Object-oriented language
Programming languages that support the inclusion of both data and methods in classes.
OOP
An abbreviation for Object-Oriented Programming.
Operations compartment
The name for the box at the bottom of the class diagram that contains method names; this course uses the convention that method names end with parentheses to distinguish between methods and attributes.
Operator overloading
A feature supported by some object-oriented languages; operator overloading allows you to define the behavior of operators like +, -, and * when used on instances of your class.
Overriding a method
Replacing a method that would otherwise be inherited from a superclass with a new method of the same name defined in the subclass. An overridden method has the same name and argument list in a superclass as it does in the subclass.
Polymorphism
A central concept of object-oriented design. Polymorphism applies a class's interface to many different subclasses. Through polymorphism, you can send the same message to different objects of different types and have them respond appropriately for their type. An instance of the subclass can stand in for the superclass. The superclass code is unaware of the actual type of the object it has been passed.
Primitive
A low-level function, operator, or data type, built into a programming language, from which higher-level, more complex objects and operations can be constructed.
Private access
The most restrictive type of access. When attributes of a class have been made private, other classes can no longer read or change their values.
Problem domain
What the problem is that your project is supposed to help solve. Defining the problem domain is usually the first step in design, whether you use a procedural or an object-oriented design.
Procedural language
Structured programming requires well-defined flow control. A programming language that supports well-defined flow control because of a heavy reliance on procedures.
Procedure
The highest-level element in procedural, or structured design; procedures define what the program does.
Protected access
An access level on an attribute or method that allows subclasses public access to it; it remains private to other classes.
Public access
The least restrictive type of access. Public attributes of a class allow their values to be read and changed by other classes.
Read-only properties
Attributes with an accessor method but no mutator method; they can be gotten but not set.
Responsibilities
Things that a class knows or things the class does; setting a class's responsibilities is one of first steps in defining a class.
Return value
The information returned by a method to whatever called it.
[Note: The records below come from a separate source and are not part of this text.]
lemma poly_Pformula: "poly (Pformula d N L r) x = Pformula d (\<lambda>k. poly (N k) x) L r"
proof (induction d arbitrary: N L rule: less_induct)
  case (less d)
  have IH: "poly (Pformula (i - 1) (\<lambda>k. N k - 2 * of_nat (r k) * of_nat (L i)) (\<lambda>k. L k - L i) r) x
      = Pformula (i - 1) (\<lambda>k. poly (N k) x - 2 * of_nat (r k) * of_nat (L i)) (\<lambda>k. L k - L i) r"
    if "i \<in> {1..d}" for i
  proof -
    from that have "i - 1 < d" by auto
    from less.IH[OF this] show ?thesis by simp
  qed
  show ?case
    apply (subst (1 2) Pformula.simps)
    apply (simp only: poly_diff poly_mult poly_sum poly_prod)
    apply (intro arg_cong2[where f="(-)"] arg_cong2[where f="(*)"] refl prod.cong sum.cong)
     apply (auto simp only: IH)
    apply simp_all
    done
qed

lemma Pformula_Suc:
  "Pformula (Suc e) N L r = N (Suc e) * Pformula e N L r
     - 4 * of_nat (r (Suc e)) * of_nat (L (Suc e)) ^ 2 * (\<Sum>i = 1..e. of_nat (r i)
        * Pformula (i - 1) (\<lambda>k. N k - 2 * of_nat (r k) * of_nat (L i)) (\<lambda>k. L k - L i) r
        * (\<Prod>k \<in> {i<..e}. N k - 2 * of_nat (r k) * of_nat (L k)))"
proof -
  define T where "T i j = of_nat (r i) * of_nat (r j) * of_nat (L j) ^ 2
     * Pformula (i - 1) (\<lambda>k. N k - 2 * of_nat (r k) * of_nat (L i)) (\<lambda>k. L k - L i) r
     * (\<Prod>k \<in> {i<..<j}. N k - 2 * of_nat (r k) * of_nat (L k))" for i j
  have unfold: "Pformula d N L r
      = (\<Prod>i = 1..d. N i) - 4 * (\<Sum>i = 1..d. \<Sum>j = i + 1..d. T i j * (\<Prod>k \<in> {j<..d}. N k))" for d
    by (subst Pformula.simps) (simp add: T_def)
  have tail: "(\<Prod>k \<in> {j<..Suc e}. N k) = N (Suc e) * (\<Prod>k \<in> {j<..e}. N k)" if "j \<le> e" for j
    using that by (simp add: prod.head_if mult.commute atLeastSucAtMost_greaterThanAtMost[symmetric])
  have inner: "(\<Sum>j = i + 1..Suc e. T i j * (\<Prod>k \<in> {j<..Suc e}. N k))
      = N (Suc e) * (\<Sum>j = i + 1..e. T i j * (\<Prod>k \<in> {j<..e}. N k)) + T i (Suc e)"
    if "i \<le> e" for i
  proof -
    have "{i + 1..Suc e} = insert (Suc e) {i + 1..e}" using that by auto
    then show ?thesis
      by (simp add: sum_distrib_left tail mult.left_commute add.commute)
  qed
  have outer: "(\<Sum>i = 1..Suc e. \<Sum>j = i + 1..Suc e. T i j * (\<Prod>k \<in> {j<..Suc e}. N k))
      = N (Suc e) * (\<Sum>i = 1..e. \<Sum>j = i + 1..e. T i j * (\<Prod>k \<in> {j<..e}. N k))
        + (\<Sum>i = 1..e. T i (Suc e))" (is "?lhs = _")
  proof -
    have "?lhs = (\<Sum>i = 1..e. \<Sum>j = i + 1..Suc e. T i j * (\<Prod>k \<in> {j<..Suc e}. N k))"
      by (simp add: sum.nat_ivl_Suc')
    also have "\<dots> = (\<Sum>i = 1..e. N (Suc e) * (\<Sum>j = i + 1..e. T i j * (\<Prod>k \<in> {j<..e}. N k))
        + T i (Suc e))"
      by (intro sum.cong refl inner) simp
    finally show ?thesis
      by (simp add: sum.distrib sum_distrib_left)
  qed
  have last: "(\<Sum>i = 1..e. T i (Suc e)) = of_nat (r (Suc e)) * of_nat (L (Suc e)) ^ 2 * (\<Sum>i = 1..e.
      of_nat (r i) * Pformula (i - 1) (\<lambda>k. N k - 2 * of_nat (r k) * of_nat (L i)) (\<lambda>k. L k - L i) r
        * (\<Prod>k \<in> {i<..e}. N k - 2 * of_nat (r k) * of_nat (L k)))"
  proof -
    have "{i<..<Suc e} = {i<..e}" for i
      by auto
    then show ?thesis
      by (simp add: T_def sum_distrib_left algebra_simps)
  qed
  show ?thesis
    unfolding unfold[of "Suc e"] unfold[of e] outer last
    by (simp add: prod.nat_ivl_Suc' algebra_simps)
qed

lemma degree_diff_eq_left:
  fixes p q :: "'a::ab_group_add poly"
  shows "degree q < degree p \<Longrightarrow> degree (p - q) = degree p"
  using degree_add_eq_left[of "- q" p] by simp

lemma lead_coeff_diff_left:
  fixes p q :: "'a::ab_group_add poly"
  shows "degree q < degree p \<Longrightarrow> lead_coeff (p - q) = lead_coeff p"
  using lead_coeff_add_le[of "- q" p] by simp

lemma degree_lead_coeff_prod_linear:
  fixes f :: "'b \<Rightarrow> 'a::idom poly"
  assumes "\<And>x. x \<in> A \<Longrightarrow> degree (f x) = 1 \<and> lead_coeff (f x) = 1"
  shows "degree (prod f A) = card A \<and> lead_coeff (prod f A) = 1"
proof (cases "finite A")
  case True
  have "degree (prod f A) = (\<Sum>x \<in> A. degree (f x))"
    by (rule degree_prod_sum_eq) (use assms in fastforce)
  also have "\<dots> = card A"
    using assms by simp
  finally have "degree (prod f A) = card A" .
  moreover have "lead_coeff (prod f A) = (\<Prod>x \<in> A. lead_coeff (f x))"
    by (rule lead_coeff_prod)
  moreover have "\<dots> = 1"
    by (rule prod.neutral) (use assms in blast)
  ultimately show ?thesis
    by simp
qed simp

lemma Pformula_monic:
  fixes N :: "nat \<Rightarrow> 'a::idom poly"
  assumes "\<And>k. k \<in> {1..d} \<Longrightarrow> degree (N k) = 1 \<and> lead_coeff (N k) = 1"
  shows "degree (Pformula d N L r) = d \<and> lead_coeff (Pformula d N L r) = 1"
  using assms
proof (induction d arbitrary: N L rule: less_induct)
  case (less d)
  have shift: "degree (N k - 2 * of_nat a * of_nat b) = 1 \<and> lead_coeff (N k - 2 * of_nat a * of_nat b) = 1"
    if "k \<in> {1..d}" for k a b
  proof -
    have "degree (2 * of_nat a * of_nat b :: 'a poly) = 0"
      by (metis degree_of_nat of_nat_mult of_nat_numeral)
    with less.prems[OF that] have "degree (2 * of_nat a * of_nat b :: 'a poly) < degree (N k)"
      by simp
    with less.prems[OF that] show ?thesis
      by (metis degree_diff_eq_left lead_coeff_diff_left)
  qed
  define T where "T i j = of_nat (r i) * of_nat (r j) * of_nat (L j) ^ 2
     * Pformula (i - 1) (\<lambda>k. N k - 2 * of_nat (r k) * of_nat (L i)) (\<lambda>k. L k - L i) r
     * (\<Prod>k \<in> {i<..<j}. N k - 2 * of_nat (r k) * of_nat (L k))
     * (\<Prod>k \<in> {j<..d}. N k)" for i j
  define B where "B = (\<Sum>i = 1..d. \<Sum>j = i + 1..d. T i j)"
  have A: "degree (\<Prod>i = 1..d. N i) = d" "lead_coeff (\<Prod>i = 1..d. N i) = 1"
    using degree_lead_coeff_prod_linear[of "{1..d}" N, OF less.prems] by (simp, blast)
  have "degree (T i j) \<le> d - 2" if ij: "i \<in> {1..d}" "j \<in> {i + 1..d}" for i j
  proof -
    have "degree (of_nat (r i) * of_nat (r j) * of_nat (L j) ^ 2 :: 'a poly) = 0"
      by (metis degree_of_nat of_nat_mult of_nat_power)
    moreover have "degree (Pformula (i - 1) (\<lambda>k. N k - 2 * of_nat (r k) * of_nat (L i)) (\<lambda>k. L k - L i) r) = i - 1"
      using ij by (intro conjunct1[OF less.IH] shift) auto
    moreover have "degree (\<Prod>k \<in> {i<..<j}. N k - 2 * of_nat (r k) * of_nat (L k)) = card {i<..<j}"
      by (rule conjunct1[OF degree_lead_coeff_prod_linear], rule shift) (use ij in auto)
    moreover have "degree (\<Prod>k \<in> {j<..d}. N k) = card {j<..d}"
      by (rule conjunct1[OF degree_lead_coeff_prod_linear], rule less.prems) (use ij in auto)
    moreover have "degree (T i j) \<le> degree (of_nat (r i) * of_nat (r j) * of_nat (L j) ^ 2 :: 'a poly)
        + degree (Pformula (i - 1) (\<lambda>k. N k - 2 * of_nat (r k) * of_nat (L i)) (\<lambda>k. L k - L i) r)
        + degree (\<Prod>k \<in> {i<..<j}. N k - 2 * of_nat (r k) * of_nat (L k))
        + degree (\<Prod>k \<in> {j<..d}. N k)"
      unfolding T_def
      by (rule order_trans[OF degree_mult_le] add_right_mono degree_mult_le)+
    ultimately show ?thesis
      using ij by simp
  qed
  then have "degree B \<le> d - 2"
    unfolding B_def by (intro degree_sum_le) auto
  then have "d \<noteq> 0 \<Longrightarrow> degree (4 * B) < degree (\<Prod>i = 1..d. N i)"
    using A degree_mult_le[of 4 B] by simp
  moreover have "Pformula d N L r = (\<Prod>i = 1..d. N i) - 4 * B"
    unfolding B_def T_def by (subst Pformula.simps) simp
  ultimately show ?case
    using A by (cases "d = 0") (simp, metis degree_diff_eq_left lead_coeff_diff_left)
qed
It may be a programmer-defined data type or a primitive type. A method that does not return a value is called void.
Siblings
Objects of the same class. Siblings are allowed to access the private elements of each other's objects.Signature: A method's list of argument types.
Static object
Objects that possess a state but no operations.
Subclass
One or more classes that are more specific versions of another similar class. A subclass inherits all the attributes and operations of the class it's based on.
Superclass
The most general class of a group of classes that share some attributes and operations.
UML
Unified Modeling Language, an industry-standard modeling language used to diagram the relationship of elements to one another, interrelated processes within a project, and code architecture.
Very late binding
The ability of a programming language to support the addition of new classes and methods until the very last moment, while the program is running.
Void
A method that does not return a value to whatever called it.
Write-only properties
Attributes with a mutator method but no accessor method; they can be set but not gotten.